[Work required] Which lines of the data below include the string "card"? Return each of them.

[Supplied records]
lemma beta_t_add_le:
  "real (beta_t NA EA t) + real (beta_t NB EB t)
     \<le> real (beta_t N E t) + 2 + log 2 (real t * real NA + 2) + log 2 (real t * real NB + 2)"
proof -
  have "log 2 (card (msgs NA t) / independence_number (msgs NA t) (confusable NA EA))
       + log 2 (card (msgs NB t) / independence_number (msgs NB t) (confusable NB EB))
       \<le> beta_t N E t"
    by (rule log_independence_numbers_le_beta_t[OF bij_betw_join]) (simp add: confusable_join_iff)
  then show ?thesis
    using beta_t_le_log_independence_number[of NA EA t] beta_t_le_log_independence_number[of NB EB t]
    by linarith
qed

end

section \<open>Subadditivity in the alphabet and in the number of copies\<close>

lemma beta_t_alphabet_subadditive: "beta_t n E (a + b) \<le> beta_t n E a + beta_t n E b"
proof (rule beta_t_le_add_of_confusion_map[where fA = "\<lambda>x i. x i mod 2 ^ a" and fB = "\<lambda>x i. x i div 2 ^ a"])
  show "(\<lambda>i. x i mod 2 ^ a) \<in> msgs n a" "(\<lambda>i. x i div 2 ^ a) \<in> msgs n b" if "x \<in> msgs n (a + b)" for x
    using that by (auto simp: msgs_def power_add less_mult_imp_div_less mult.commute)
  show "confusable n E (\<lambda>i. x i mod 2 ^ a) (\<lambda>i. y i mod 2 ^ a) \<or> confusable n E (\<lambda>i. x i div 2 ^ a) (\<lambda>i. y i div 2 ^ a)"
    if conf: "confusable n E x y" for x y :: "nat \<Rightarrow> nat"
  proof -
    obtain i where i: "i < n" "x i \<noteq> y i" and nb: "\<forall>j<n. E i j \<longrightarrow> x j = y j"
      using conf by (auto simp: confusable_def)
    have "x i mod 2 ^ a \<noteq> y i mod 2 ^ a \<or> x i div 2 ^ a \<noteq> y i div 2 ^ a"
      using i(2) by (metis div_mult_mod_eq)
    then show ?thesis
      using i(1) nb by (auto simp: confusable_def)
  qed
qed

lemma mult_le_of_subadditive:
  fixes f :: "nat \<Rightarrow> nat"
  assumes "\<And>a b. f (a + b) \<le> f a + f b" and "1 \<le> k"
  shows "f (k * t) \<le> k * f t"
  using \<open>1 \<le> k\<close>
proof (induction k rule: dec_induct)
  case (step k)
  then show ?case
    using assms(1)[of t "k * t"] by simp
qed simp

lemma vertex_split_dunion:
  "vertex_split (n + m) n m (dunion n E m F) E F (\<lambda>k. k < n) (\<lambda>k. if k < n then k else k - n)
     (\<lambda>i. i) (\<lambda>i. i + n)"
  by unfold_locales (auto simp: dunion_def)

lemma beta_t_dunion_le: "beta_t (n + m) (dunion n E m F) t \<le> beta_t n E t + beta_t m F t"
  using vertex_split.beta_t_le_add[OF vertex_split_dunion] .

lemma beta_t_dunion_ge:
  "real (beta_t n E t) + real (beta_t m F t)
     \<le> real (beta_t (n + m) (dunion n E m F) t) + 2 + log 2 (real t * real n + 2) + log 2 (real t * real m + 2)"
  using vertex_split.beta_t_add_le[OF vertex_split_dunion] .

lemma copies_add: "copies (a + b) N D = dunion (a * N) (copies a N D) (b * N) (copies b N D)"
proof (intro ext)
  fix i j
  show "copies (a + b) N D i j = dunion (a * N) (copies a N D) (b * N) (copies b N D) i j"
  proof (cases "N = 0")
    case False
    have block: "k < a * N \<longleftrightarrow> k div N < a" for k
      using False by (simp add: div_less_iff_less_mult)
    consider "i < a * N" "j < a * N" | "i < a * N \<longleftrightarrow> \<not> j < a * N" | "a * N \<le> i" "a * N \<le> j"
      by (meson not_less)
    then show ?thesis
    proof cases
      case 2
      then have "i div N \<noteq> j div N"
        unfolding block by auto
      then show ?thesis
        using 2 by (auto simp: copies_def dunion_def)
    next
      case 3
      then obtain i' j' where "i = i' + a * N" "j = j' + a * N"
        by (metis add.commute le_add_diff_inverse)
      then show ?thesis
        using False by (simp add: copies_def dunion_def add_mult_distrib) blast
    qed (simp add: copies_def dunion_def add_mult_distrib)
  qed (simp add: copies_def dunion_def)
qed

definition beta_copies :: "nat \<Rightarrow> (nat \<Rightarrow> nat \<Rightarrow> bool) \<Rightarrow> nat \<Rightarrow> nat" where
  "beta_copies n E t = beta_t (t * n) (copies t n E) 1"

lemma beta_copies_subadditive: "beta_copies n E (a + b) \<le> beta_copies n E a + beta_copies n E b"
  unfolding beta_copies_def copies_add add_mult_distrib by (rule beta_t_dunion_le)

text \<open>Vertex \<open>k\<close> of \<open>t \<cdot> (G + H)\<close> is vertex \<open>k mod (n + m)\<close> of copy \<open>k div (n + m)\<close> of \<open>G + H\<close>;
  these maps identify \<open>t \<cdot> (G + H)\<close> with \<open>t \<cdot> G + t \<cdot> H\<close>.\<close>

definition in_left_block :: "nat \<Rightarrow> nat \<Rightarrow> nat \<Rightarrow> bool" where
  "in_left_block n m k \<longleftrightarrow> k mod (n + m) < n"

definition block_index :: "nat \<Rightarrow> nat \<Rightarrow> nat \<Rightarrow> nat" where
  "block_index n m k = (if in_left_block n m k then k div (n + m) * n + k mod (n + m)
                        else k div (n + m) * m + (k mod (n + m) - n))"

definition left_block_vertex :: "nat \<Rightarrow> nat \<Rightarrow> nat \<Rightarrow> nat" where
  "left_block_vertex n m i = i div n * (n + m) + i mod n"

definition right_block_vertex :: "nat \<Rightarrow> nat \<Rightarrow> nat \<Rightarrow> nat" where
  "right_block_vertex n m i = i div m * (n + m) + (n + i mod m)"

lemma mult_add_less_mult: "q < t \<Longrightarrow> r < P \<Longrightarrow> q * P + r < t * (P::nat)"
  using mult_le_mono1[of "Suc q" t P] by simp

lemma block_index_left:
  assumes "k < t * (n + m)" "in_left_block n m k"
  shows "block_index n m k < t * n" "block_index n m k div n = k div (n + m)"
    "block_index n m k mod n = k mod (n + m)"
proof -
  have "0 < n + m"
    using assms by (cases "n + m") auto
  then have "k div (n + m) < t" "k mod (n + m) < n"
    using assms by (simp_all add: div_less_iff_less_mult in_left_block_def)
  then show "block_index n m k < t * n" "block_index n m k div n = k div (n + m)"
    "block_index n m k mod n = k mod (n + m)"
    using assms(2) by (simp_all add: block_index_def mult_add_less_mult)
qed

lemma block_index_right:
  assumes "k < t * (n + m)" "\<not> in_left_block n m k"
  shows "block_index n m k < t * m" "block_index n m k div m = k div (n + m)"
    "block_index n m k mod m = k mod (n + m) - n" "n \<le> k mod (n + m)"
proof -
  have "0 < n + m"
    using assms by (cases "n + m") auto
  define r where "r = k mod (n + m) - n"
  have "k div (n + m) < t" "r < m" "n \<le> k mod (n + m)"
    using assms mod_less_divisor[OF \<open>0 < n + m\<close>, of k]
    by (simp_all add: r_def div_less_iff_less_mult in_left_block_def)
  moreover have "block_index n m k = k div (n + m) * m + r"
    using assms(2) by (simp add: block_index_def r_def)
  ultimately have "block_index n m k < t * m" "block_index n m k div m = k div (n + m)"
    "block_index n m k mod m = r"
    by (simp_all add: mult_add_less_mult)
  then show "block_index n m k < t * m" "block_index n m k div m = k div (n + m)"
    "block_index n m k mod m = k mod (n + m) - n"
    by (simp_all add: r_def)
  show "n \<le> k mod (n + m)"
    by fact
qed

lemma vertex_split_copies_dunion:
  "vertex_split (t * (n + m)) (t * n) (t * m) (copies t (n + m) (dunion n E m F))
     (copies t n E) (copies t m F) (in_left_block n m) (block_index n m)
     (left_block_vertex n m) (right_block_vertex n m)"
proof
  fix i assume i: "i < t * n"
  have "0 < n"
    using i by (cases n) auto
  then have q: "i div n < t" and r: "i mod n < n"
    using i by (simp_all add: div_less_iff_less_mult)
  then have "left_block_vertex n m i div (n + m) = i div n" "left_block_vertex n m i mod (n + m) = i mod n"
    by (simp_all add: left_block_vertex_def)
  then show "left_block_vertex n m i < t * (n + m) \<and> in_left_block n m (left_block_vertex n m i)
      \<and> block_index n m (left_block_vertex n m i) = i"
    using q r by (simp add: left_block_vertex_def in_left_block_def block_index_def mult_add_less_mult)
next
  fix i assume i: "i < t * m"
  have "0 < m"
    using i by (cases m) auto
  then have q: "i div m < t" and r: "n + i mod m < n + m"
    using i by (simp_all add: div_less_iff_less_mult)
  then have "right_block_vertex n m i div (n + m) = i div m"
    "right_block_vertex n m i mod (n + m) = n + i mod m"
    by (simp_all add: right_block_vertex_def)
  then show "right_block_vertex n m i < t * (n + m) \<and> \<not> in_left_block n m (right_block_vertex n m i)
      \<and> block_index n m (right_block_vertex n m i) = i"
    using q r by (simp add: right_block_vertex_def in_left_block_def block_index_def mult_add_less_mult)
next
  fix k assume "k < t * (n + m)" "in_left_block n m k"
  then show "block_index n m k < t * n \<and> left_block_vertex n m (block_index n m k) = k"
    using block_index_left[of k t n m] by (simp add: left_block_vertex_def div_mult_mod_eq)
next
  fix k assume "k < t * (n + m)" "\<not> in_left_block n m k"
  then show "block_index n m k < t * m \<and> right_block_vertex n m (block_index n m k) = k"
    using block_index_right[of k t n m] by (simp add: right_block_vertex_def div_mult_mod_eq)
next
  fix k l assume k: "k < t * (n + m)" and l: "l < t * (n + m)"
  have "n + m > 0"
    using k by (cases "n + m") auto
  then have "k mod (n + m) < n + m" "l mod (n + m) < n + m"
    by simp_all
  then show "copies t (n + m) (dunion n E m F) k l \<longleftrightarrow>
      in_left_block n m k \<and> in_left_block n m l \<and> copies t n E (block_index n m k) (block_index n m l)
    \<or> \<not> in_left_block n m k \<and> \<not> in_left_block n m l \<and> copies t m F (block_index n m k) (block_index n m l)"
    using k l block_index_left[OF k] block_index_left[OF l] block_index_right[OF k] block_index_right[OF l]
    by (cases "in_left_block n m k"; cases "in_left_block n m l")
      (auto simp: copies_def dunion_def in_left_block_def)
qed

lemma beta_copies_dunion_le:
  "beta_copies (n + m) (dunion n E m F) t \<le> beta_copies n E t + beta_copies m F t"
  unfolding beta_copies_def
  using vertex_split.beta_t_le_add[OF vertex_split_copies_dunion] .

[Exercise response]
  have "log 2 (card (msgs NA t) / independence_number (msgs NA t) (confusable NA EA))
       + log 2 (card (msgs NB t) / independence_number (msgs NB t) (confusable NB EB))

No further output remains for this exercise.